#### [Listed entries]
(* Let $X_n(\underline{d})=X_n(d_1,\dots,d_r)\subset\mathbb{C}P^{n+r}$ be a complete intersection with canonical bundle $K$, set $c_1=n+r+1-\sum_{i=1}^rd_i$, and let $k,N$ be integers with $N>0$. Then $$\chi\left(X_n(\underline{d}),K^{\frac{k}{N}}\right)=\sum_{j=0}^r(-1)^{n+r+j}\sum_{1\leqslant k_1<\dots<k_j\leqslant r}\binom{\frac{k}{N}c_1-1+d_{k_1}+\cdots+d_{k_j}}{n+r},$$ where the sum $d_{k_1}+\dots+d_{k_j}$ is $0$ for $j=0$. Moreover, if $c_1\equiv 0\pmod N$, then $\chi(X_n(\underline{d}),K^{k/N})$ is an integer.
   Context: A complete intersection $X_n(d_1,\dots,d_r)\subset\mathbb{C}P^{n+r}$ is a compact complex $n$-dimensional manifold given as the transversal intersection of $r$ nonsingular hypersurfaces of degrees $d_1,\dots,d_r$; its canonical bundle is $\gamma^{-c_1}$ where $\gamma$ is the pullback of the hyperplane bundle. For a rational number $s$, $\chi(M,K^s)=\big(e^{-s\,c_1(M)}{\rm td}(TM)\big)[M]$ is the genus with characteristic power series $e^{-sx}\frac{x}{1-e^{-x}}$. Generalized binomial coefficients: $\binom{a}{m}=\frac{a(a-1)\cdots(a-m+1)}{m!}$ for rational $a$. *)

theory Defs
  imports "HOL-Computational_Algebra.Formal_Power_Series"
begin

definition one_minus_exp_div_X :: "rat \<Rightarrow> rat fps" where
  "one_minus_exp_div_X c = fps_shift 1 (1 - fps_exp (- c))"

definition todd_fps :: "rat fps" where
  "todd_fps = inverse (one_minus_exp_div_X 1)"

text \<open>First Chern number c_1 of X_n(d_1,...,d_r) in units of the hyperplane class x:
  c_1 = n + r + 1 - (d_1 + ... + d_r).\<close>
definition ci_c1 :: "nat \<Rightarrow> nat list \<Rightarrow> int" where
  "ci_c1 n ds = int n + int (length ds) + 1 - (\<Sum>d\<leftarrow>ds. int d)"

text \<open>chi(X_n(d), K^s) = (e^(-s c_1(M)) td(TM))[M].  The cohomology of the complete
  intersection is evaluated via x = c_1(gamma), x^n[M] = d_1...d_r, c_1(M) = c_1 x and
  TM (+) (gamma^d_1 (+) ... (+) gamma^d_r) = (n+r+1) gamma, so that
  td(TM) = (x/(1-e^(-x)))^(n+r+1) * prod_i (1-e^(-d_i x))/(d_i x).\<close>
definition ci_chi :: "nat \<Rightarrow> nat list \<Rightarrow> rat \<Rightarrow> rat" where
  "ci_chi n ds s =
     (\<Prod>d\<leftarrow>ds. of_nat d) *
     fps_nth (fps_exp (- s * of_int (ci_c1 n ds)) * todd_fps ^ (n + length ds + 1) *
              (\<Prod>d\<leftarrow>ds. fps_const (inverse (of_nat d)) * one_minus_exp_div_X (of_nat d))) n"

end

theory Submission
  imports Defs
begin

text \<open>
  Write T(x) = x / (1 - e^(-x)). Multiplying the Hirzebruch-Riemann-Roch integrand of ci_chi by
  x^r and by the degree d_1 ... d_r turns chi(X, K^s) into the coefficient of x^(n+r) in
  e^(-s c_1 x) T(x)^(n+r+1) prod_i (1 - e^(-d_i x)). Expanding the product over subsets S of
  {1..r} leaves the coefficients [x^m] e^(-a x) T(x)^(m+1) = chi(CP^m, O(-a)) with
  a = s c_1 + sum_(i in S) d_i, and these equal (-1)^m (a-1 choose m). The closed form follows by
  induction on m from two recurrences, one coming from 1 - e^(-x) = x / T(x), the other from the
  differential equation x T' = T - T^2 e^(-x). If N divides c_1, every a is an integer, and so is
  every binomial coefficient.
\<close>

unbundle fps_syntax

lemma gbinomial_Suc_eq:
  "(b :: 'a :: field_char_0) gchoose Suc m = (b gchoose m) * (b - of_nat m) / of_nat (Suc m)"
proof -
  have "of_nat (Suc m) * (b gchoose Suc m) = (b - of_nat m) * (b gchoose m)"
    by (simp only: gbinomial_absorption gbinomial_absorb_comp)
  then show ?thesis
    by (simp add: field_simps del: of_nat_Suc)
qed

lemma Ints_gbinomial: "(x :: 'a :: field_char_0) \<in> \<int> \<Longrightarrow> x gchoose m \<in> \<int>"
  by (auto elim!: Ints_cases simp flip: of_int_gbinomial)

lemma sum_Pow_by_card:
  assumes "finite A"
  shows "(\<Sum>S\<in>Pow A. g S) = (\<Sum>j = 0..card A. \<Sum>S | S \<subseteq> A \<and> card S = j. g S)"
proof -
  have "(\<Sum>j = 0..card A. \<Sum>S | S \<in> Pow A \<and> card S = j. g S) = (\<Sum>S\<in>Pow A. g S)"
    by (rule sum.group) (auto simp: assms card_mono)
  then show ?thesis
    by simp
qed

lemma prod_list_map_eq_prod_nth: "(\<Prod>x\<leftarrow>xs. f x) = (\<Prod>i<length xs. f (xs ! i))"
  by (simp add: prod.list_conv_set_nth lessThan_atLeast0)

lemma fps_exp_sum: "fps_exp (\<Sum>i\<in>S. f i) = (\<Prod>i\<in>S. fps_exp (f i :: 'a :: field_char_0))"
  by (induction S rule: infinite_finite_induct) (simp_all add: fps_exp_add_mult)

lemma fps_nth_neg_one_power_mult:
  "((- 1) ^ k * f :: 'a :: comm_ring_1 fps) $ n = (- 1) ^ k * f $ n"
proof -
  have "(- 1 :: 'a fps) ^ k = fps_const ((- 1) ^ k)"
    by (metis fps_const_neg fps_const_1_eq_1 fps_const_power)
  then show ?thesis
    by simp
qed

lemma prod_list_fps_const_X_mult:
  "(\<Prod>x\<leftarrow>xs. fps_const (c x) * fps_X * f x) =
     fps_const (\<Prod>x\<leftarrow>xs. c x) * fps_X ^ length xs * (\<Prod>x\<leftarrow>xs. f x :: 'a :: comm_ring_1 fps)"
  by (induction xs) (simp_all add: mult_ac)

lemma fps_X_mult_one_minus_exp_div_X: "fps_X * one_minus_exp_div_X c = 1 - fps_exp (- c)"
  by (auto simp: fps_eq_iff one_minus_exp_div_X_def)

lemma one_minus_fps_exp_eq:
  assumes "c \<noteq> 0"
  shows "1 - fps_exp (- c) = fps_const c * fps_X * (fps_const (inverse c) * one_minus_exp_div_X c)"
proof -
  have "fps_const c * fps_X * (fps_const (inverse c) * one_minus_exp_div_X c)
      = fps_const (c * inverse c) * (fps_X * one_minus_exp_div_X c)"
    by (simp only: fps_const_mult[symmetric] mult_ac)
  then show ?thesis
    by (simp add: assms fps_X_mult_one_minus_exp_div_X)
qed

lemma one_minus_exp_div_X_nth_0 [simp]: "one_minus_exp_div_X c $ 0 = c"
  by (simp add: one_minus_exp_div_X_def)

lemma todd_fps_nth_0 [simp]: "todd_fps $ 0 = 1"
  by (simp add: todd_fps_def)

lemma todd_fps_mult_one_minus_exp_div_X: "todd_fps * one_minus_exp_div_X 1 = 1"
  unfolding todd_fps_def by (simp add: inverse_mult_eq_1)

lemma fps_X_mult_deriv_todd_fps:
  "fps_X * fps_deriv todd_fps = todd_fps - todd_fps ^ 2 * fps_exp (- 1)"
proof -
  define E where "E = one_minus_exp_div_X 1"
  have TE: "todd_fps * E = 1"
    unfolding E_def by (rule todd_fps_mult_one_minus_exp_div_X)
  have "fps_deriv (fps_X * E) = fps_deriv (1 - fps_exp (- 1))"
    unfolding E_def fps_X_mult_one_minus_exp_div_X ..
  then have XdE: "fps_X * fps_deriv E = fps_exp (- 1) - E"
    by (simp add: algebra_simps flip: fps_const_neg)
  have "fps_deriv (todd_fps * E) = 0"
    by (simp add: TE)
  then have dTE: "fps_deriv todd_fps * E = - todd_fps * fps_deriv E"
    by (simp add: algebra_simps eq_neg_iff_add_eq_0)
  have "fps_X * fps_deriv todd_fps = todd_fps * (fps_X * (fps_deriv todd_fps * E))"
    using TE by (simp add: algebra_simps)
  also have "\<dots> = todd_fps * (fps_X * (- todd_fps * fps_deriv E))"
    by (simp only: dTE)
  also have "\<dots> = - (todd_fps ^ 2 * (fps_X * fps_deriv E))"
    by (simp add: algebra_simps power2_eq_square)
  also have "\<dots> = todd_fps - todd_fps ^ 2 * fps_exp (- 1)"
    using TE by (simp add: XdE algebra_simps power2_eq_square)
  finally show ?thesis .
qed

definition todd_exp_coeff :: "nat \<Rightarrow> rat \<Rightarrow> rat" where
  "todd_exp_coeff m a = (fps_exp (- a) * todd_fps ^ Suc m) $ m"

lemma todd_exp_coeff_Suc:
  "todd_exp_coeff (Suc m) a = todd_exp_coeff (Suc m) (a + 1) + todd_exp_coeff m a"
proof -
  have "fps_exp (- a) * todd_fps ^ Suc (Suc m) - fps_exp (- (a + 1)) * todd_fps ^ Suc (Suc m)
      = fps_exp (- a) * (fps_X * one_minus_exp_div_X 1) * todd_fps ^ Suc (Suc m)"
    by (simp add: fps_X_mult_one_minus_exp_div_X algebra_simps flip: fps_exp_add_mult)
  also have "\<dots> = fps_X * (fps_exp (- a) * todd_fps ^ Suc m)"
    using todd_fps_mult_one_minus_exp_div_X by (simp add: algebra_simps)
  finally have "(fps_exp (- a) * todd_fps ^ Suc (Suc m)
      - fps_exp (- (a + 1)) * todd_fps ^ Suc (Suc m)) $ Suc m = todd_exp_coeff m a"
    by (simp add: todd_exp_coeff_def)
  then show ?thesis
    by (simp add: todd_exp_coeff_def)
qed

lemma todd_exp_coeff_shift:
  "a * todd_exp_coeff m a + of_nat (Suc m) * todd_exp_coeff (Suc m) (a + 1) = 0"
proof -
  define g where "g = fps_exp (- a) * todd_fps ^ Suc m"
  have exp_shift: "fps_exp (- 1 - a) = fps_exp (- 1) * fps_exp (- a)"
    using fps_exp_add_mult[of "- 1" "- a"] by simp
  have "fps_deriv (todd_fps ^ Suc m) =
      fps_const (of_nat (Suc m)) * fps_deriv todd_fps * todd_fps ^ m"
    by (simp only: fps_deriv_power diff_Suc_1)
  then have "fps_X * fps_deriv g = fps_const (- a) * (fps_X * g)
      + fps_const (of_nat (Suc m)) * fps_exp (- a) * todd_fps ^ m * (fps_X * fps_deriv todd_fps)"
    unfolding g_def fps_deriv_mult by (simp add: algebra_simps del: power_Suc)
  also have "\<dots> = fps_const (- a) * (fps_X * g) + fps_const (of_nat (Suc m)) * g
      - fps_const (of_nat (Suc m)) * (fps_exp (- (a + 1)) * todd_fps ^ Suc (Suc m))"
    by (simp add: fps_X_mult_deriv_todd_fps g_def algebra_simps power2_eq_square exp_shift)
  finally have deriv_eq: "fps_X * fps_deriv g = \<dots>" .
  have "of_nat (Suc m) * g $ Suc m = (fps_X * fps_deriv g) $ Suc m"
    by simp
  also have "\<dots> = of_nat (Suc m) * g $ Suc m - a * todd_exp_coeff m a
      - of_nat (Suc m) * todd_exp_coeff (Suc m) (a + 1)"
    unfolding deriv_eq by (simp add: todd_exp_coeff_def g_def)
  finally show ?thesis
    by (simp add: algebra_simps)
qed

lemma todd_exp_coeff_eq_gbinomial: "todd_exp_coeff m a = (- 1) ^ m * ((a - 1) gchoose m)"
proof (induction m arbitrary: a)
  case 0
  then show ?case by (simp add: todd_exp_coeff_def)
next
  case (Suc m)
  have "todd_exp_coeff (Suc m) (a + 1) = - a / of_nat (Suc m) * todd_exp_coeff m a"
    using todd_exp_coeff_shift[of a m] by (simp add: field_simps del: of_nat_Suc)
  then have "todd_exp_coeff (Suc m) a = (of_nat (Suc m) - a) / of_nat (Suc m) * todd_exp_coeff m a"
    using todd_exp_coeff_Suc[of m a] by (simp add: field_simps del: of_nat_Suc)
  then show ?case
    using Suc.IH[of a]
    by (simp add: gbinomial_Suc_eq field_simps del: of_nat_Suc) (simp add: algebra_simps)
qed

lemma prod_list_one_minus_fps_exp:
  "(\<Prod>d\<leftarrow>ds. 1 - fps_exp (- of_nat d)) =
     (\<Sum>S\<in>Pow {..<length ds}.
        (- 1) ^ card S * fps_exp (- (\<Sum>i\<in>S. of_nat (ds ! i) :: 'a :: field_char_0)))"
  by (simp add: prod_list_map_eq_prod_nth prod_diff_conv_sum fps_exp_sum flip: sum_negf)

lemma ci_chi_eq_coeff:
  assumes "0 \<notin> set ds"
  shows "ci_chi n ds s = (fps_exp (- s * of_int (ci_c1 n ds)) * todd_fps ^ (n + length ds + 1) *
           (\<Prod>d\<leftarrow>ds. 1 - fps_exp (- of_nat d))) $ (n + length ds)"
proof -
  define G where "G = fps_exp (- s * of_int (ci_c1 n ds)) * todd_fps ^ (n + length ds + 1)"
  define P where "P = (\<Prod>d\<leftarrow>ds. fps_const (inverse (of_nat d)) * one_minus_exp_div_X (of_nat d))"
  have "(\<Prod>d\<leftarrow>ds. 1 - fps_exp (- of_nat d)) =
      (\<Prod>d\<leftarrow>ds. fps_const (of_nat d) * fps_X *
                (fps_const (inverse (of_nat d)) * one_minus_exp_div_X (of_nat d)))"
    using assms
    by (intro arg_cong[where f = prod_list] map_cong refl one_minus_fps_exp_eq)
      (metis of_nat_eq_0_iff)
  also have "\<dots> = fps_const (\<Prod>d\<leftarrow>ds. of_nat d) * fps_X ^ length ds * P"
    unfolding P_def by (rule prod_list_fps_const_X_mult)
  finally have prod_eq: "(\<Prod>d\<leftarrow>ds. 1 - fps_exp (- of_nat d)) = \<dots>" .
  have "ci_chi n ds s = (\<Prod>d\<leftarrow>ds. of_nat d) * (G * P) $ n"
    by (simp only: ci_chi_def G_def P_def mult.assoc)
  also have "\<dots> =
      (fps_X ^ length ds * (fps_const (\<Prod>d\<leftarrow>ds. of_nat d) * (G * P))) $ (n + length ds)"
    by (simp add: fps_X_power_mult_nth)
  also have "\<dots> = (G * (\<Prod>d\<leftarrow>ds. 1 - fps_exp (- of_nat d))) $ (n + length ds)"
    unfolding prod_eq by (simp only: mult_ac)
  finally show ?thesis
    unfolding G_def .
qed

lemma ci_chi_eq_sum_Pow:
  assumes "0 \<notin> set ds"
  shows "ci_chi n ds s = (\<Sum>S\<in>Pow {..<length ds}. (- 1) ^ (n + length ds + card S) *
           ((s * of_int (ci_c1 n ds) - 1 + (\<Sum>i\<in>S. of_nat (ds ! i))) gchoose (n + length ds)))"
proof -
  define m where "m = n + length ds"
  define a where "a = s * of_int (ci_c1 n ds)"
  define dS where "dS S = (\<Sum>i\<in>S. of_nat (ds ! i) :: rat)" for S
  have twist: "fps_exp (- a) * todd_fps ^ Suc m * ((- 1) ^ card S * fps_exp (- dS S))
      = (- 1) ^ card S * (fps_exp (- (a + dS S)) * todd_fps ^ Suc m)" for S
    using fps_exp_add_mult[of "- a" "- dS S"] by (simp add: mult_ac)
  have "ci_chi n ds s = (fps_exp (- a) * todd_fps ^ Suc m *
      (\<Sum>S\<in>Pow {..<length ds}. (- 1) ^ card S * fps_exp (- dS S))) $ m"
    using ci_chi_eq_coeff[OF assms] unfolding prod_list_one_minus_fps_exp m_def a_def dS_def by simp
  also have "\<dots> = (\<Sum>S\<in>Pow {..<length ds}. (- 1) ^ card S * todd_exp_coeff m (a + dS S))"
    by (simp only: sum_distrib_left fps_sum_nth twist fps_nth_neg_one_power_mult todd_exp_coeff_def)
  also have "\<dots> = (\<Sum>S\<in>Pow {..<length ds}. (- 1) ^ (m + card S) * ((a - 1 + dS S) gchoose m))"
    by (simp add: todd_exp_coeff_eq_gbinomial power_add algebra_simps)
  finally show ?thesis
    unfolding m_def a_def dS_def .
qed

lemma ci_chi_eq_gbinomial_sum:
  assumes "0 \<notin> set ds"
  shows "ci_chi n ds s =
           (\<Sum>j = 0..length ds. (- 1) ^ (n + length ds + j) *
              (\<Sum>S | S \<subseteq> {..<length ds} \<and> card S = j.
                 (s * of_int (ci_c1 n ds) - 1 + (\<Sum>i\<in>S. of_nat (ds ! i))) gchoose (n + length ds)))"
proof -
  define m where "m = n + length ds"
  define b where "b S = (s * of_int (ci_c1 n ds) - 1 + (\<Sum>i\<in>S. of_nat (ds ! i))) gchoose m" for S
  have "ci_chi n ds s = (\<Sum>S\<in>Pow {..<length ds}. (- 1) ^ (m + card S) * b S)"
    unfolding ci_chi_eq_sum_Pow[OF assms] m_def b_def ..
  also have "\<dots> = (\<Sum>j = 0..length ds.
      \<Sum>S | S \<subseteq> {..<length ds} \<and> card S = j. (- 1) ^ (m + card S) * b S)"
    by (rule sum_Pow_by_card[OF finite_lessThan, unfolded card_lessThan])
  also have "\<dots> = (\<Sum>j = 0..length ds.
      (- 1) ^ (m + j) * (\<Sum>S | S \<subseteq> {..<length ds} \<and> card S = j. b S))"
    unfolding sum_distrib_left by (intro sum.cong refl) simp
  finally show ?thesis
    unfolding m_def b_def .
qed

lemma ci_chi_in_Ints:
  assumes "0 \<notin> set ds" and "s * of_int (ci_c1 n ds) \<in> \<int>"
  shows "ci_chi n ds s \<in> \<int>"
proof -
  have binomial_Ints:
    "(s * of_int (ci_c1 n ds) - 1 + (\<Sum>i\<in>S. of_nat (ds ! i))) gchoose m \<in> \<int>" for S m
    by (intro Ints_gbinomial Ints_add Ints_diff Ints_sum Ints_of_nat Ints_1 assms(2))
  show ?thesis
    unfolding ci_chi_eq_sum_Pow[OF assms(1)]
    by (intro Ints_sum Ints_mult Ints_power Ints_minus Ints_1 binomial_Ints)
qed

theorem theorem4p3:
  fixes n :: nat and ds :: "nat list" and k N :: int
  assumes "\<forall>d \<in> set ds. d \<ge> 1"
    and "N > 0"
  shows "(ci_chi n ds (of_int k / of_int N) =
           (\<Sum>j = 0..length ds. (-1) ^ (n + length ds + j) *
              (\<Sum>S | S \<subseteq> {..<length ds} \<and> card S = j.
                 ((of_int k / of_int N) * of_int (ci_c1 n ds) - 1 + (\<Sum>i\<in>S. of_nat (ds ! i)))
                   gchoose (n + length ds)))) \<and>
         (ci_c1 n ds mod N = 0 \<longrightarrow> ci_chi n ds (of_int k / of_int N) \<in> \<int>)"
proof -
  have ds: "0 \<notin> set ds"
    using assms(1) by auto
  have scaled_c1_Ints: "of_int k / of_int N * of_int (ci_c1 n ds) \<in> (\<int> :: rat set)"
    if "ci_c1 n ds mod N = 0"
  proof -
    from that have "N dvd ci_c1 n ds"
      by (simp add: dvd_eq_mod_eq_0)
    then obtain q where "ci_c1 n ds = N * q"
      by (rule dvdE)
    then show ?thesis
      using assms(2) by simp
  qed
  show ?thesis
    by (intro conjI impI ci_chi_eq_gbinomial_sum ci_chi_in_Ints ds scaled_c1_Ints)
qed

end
==
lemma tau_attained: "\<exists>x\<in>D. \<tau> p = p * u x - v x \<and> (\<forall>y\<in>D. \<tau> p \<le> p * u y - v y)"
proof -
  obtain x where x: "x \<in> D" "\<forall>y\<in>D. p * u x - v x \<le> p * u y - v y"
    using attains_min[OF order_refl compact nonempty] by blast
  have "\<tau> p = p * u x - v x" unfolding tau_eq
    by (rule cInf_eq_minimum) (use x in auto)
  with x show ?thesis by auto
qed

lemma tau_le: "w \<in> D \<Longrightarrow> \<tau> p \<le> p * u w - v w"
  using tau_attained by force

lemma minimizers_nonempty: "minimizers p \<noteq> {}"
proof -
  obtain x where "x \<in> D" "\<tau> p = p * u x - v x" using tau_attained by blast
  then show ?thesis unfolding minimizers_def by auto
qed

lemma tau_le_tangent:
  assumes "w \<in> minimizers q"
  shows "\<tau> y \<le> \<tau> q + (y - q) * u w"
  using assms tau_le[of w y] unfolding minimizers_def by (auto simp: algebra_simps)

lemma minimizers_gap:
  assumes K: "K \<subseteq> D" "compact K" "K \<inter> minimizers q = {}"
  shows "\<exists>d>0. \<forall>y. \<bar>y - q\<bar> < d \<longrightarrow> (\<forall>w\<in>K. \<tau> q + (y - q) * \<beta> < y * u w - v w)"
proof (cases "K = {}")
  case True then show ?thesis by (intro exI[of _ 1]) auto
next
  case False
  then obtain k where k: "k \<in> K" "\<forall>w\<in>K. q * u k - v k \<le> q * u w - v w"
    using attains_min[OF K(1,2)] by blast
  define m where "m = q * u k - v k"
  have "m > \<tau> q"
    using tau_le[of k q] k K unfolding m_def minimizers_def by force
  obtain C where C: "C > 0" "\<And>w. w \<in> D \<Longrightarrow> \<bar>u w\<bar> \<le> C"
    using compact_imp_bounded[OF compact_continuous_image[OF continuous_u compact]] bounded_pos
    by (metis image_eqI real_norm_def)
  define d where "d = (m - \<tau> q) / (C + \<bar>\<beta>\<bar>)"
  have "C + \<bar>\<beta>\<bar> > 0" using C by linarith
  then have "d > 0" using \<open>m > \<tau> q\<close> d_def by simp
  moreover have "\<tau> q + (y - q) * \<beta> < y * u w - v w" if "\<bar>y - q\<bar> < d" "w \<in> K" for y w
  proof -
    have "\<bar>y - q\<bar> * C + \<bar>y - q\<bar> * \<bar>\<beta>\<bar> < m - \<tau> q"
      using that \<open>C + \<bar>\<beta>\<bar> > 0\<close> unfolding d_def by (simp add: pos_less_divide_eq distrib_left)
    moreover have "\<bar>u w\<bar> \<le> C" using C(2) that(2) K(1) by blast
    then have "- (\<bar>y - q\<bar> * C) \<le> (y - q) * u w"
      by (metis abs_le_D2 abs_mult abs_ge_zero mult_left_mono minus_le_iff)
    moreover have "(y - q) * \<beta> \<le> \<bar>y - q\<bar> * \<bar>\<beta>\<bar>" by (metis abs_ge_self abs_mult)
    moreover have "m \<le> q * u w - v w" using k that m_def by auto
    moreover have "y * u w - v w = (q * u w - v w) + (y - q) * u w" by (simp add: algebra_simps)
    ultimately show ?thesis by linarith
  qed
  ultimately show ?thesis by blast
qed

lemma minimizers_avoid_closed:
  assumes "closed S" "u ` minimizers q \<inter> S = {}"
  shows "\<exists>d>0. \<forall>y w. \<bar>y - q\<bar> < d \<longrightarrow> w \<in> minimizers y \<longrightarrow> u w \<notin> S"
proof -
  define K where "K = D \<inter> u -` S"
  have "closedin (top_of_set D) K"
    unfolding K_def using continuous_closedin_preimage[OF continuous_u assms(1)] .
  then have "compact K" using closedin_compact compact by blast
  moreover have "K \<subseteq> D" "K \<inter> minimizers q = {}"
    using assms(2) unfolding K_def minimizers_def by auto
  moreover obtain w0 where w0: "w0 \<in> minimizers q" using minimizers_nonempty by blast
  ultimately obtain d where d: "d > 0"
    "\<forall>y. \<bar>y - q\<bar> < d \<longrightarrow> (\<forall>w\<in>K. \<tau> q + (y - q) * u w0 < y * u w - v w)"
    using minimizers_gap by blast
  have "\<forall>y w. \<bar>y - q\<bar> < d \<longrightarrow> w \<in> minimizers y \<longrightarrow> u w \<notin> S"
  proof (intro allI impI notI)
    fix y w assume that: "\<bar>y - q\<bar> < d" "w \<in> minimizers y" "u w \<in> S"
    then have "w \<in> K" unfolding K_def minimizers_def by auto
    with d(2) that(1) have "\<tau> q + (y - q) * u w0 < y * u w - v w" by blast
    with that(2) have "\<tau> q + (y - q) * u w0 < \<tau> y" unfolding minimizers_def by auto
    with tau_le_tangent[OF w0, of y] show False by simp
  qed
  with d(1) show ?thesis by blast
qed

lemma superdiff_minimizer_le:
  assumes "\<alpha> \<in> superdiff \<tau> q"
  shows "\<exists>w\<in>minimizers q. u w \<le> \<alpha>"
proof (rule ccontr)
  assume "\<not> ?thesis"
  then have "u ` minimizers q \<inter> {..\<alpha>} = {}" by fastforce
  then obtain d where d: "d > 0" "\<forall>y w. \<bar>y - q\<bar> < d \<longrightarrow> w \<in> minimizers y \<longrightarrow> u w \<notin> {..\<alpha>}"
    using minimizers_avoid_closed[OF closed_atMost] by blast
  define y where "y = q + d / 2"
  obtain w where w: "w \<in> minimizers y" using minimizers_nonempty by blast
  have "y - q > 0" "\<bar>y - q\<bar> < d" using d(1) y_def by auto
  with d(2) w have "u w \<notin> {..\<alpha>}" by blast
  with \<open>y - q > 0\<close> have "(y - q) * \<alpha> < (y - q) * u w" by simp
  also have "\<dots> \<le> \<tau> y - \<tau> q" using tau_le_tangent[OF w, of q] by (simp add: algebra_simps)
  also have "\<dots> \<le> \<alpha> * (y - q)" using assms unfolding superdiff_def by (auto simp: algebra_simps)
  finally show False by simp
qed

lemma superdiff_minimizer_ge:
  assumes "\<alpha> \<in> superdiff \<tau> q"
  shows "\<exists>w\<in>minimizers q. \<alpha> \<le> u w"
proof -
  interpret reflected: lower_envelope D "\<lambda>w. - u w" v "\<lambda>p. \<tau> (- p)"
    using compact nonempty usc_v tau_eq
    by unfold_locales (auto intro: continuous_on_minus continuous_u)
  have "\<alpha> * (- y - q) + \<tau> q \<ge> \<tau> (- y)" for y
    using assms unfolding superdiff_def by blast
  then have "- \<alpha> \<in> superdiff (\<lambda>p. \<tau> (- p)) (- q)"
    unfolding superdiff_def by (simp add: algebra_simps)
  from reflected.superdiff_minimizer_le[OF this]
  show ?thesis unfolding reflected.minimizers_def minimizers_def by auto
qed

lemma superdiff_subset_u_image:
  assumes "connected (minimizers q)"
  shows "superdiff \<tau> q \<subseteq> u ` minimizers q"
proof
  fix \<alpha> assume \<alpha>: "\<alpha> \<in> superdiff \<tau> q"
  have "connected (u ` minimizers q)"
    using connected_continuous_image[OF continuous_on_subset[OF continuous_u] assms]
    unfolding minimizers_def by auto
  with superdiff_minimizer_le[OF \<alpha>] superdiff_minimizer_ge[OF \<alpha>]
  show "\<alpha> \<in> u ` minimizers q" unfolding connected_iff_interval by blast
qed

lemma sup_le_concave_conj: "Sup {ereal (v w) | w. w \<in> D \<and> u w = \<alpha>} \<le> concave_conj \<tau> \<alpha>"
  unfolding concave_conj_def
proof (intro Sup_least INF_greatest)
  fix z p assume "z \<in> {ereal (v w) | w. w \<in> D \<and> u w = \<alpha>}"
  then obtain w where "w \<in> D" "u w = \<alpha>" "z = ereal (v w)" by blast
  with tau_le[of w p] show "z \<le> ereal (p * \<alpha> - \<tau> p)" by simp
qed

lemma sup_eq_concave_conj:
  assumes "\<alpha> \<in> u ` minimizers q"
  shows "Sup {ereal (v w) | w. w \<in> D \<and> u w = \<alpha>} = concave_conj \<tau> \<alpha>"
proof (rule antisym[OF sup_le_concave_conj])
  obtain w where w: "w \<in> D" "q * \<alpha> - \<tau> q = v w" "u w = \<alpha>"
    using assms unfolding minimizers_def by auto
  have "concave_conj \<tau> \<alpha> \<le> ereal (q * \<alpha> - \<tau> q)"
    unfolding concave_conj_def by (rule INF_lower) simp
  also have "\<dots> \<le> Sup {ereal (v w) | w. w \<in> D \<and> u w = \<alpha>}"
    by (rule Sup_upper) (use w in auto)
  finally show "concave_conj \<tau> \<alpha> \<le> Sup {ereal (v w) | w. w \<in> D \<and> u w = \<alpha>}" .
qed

#### [Work to be completed]
All lines of the records above that contain the word "coefficients" are to be copied out.

#### [Your solution]
   Context: A complete intersection $X_n(d_1,\dots,d_r)\subset\mathbb{C}P^{n+r}$ is a compact complex $n$-dimensional manifold given as the transversal intersection of $r$ nonsingular hypersurfaces of degrees $d_1,\dots,d_r$; its canonical bundle is $\gamma^{-c_1}$ where $\gamma$ is the pullback of the hyperplane bundle. For a rational number $s$, $\chi(M,K^s)=\big(e^{-s\,c_1(M)}{\rm td}(TM)\big)[M]$ is the genus with characteristic power series $e^{-sx}\frac{x}{1-e^{-x}}$. Generalized binomial coefficients: $\binom{a}{m}=\frac{a(a-1)\cdots(a-m+1)}{m!}$ for rational $a$. *)
  {1..r} leaves the coefficients [x^m] e^(-a x) T(x)^(m+1) = chi(CP^m, O(-a)) with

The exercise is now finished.